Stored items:
definition J_trivial_syn :: "'a set \<Rightarrow> 'a list set \<Rightarrow> bool" where
  "J_trivial_syn \<Sigma> L \<longleftrightarrow>
     (\<forall>x\<in>lists \<Sigma>. \<forall>y\<in>lists \<Sigma>. syn_ideal \<Sigma> L x = syn_ideal \<Sigma> L y \<longrightarrow>
        syn_phi \<Sigma> L x = syn_phi \<Sigma> L y)"

definition V_Jbar :: "'a set \<Rightarrow> 'a list set set" where
  "V_Jbar \<Sigma> = {L. L \<subseteq> lists \<Sigma> \<and> regular_lang \<Sigma> L \<and> J_trivial_syn \<Sigma> L \<and>
      (\<forall>\<sigma>\<in>\<Sigma>. syn_phi \<Sigma> L [\<sigma>, \<sigma>] = syn_phi \<Sigma> L [\<sigma>])}"

end

theory Submission
  imports Defs "HOL-Analysis.L2_Norm"
begin

text \<open>
  The density matrices of a MON-1qfa evolve under pinching maps
  \<open>\<rho> \<mapsto> \<Sum>\<^sub>r P\<^sub>r \<rho> P\<^sub>r\<close>, which are orthogonal projections for the Hilbert--Schmidt inner
  product.  Hence every letter can only decrease the Hilbert--Schmidt norm of the state, and
  the loss of squared norm caused by a letter \<open>c\<close> is the squared distance by which \<open>c\<close> moves
  the state.  Along
  the states reached by growing powers \<open>s\<^sup>k\<close> the norm is monotone and bounded, so for suitable
  \<open>k\<close> the state is almost fixed by every letter of \<open>s\<close>; by isolation of the cut-point such
  letters can then be inserted or deleted without changing membership.  This yields
  \<open>x \<equiv> y\<close> whenever \<open>x\<close> and \<open>y\<close> are factors of each other, i.e. J-triviality, while
  idempotency of each pinching gives \<open>\<sigma>\<sigma> \<equiv> \<sigma>\<close>.  Regularity follows because the reachable
  states are bounded, so by isolation only finitely many right classes occur.
\<close>

section \<open>Hilbert--Schmidt geometry of square matrices\<close>

lemma mult_mat_entry:
  assumes "A \<in> carrier_mat m n" "B \<in> carrier_mat n k" "i < m" "j < k"
  shows "(A * B) $$ (i,j) = (\<Sum>l<n. A $$ (i,l) * B $$ (l,j))"
  using assms by (auto simp: scalar_prod_def lessThan_atLeast0 intro!: sum.cong)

*What the exercise asks*. State how many lines of the entries contain the word "pinching". Nothing besides the number belongs in the reply.

*Written response*. 2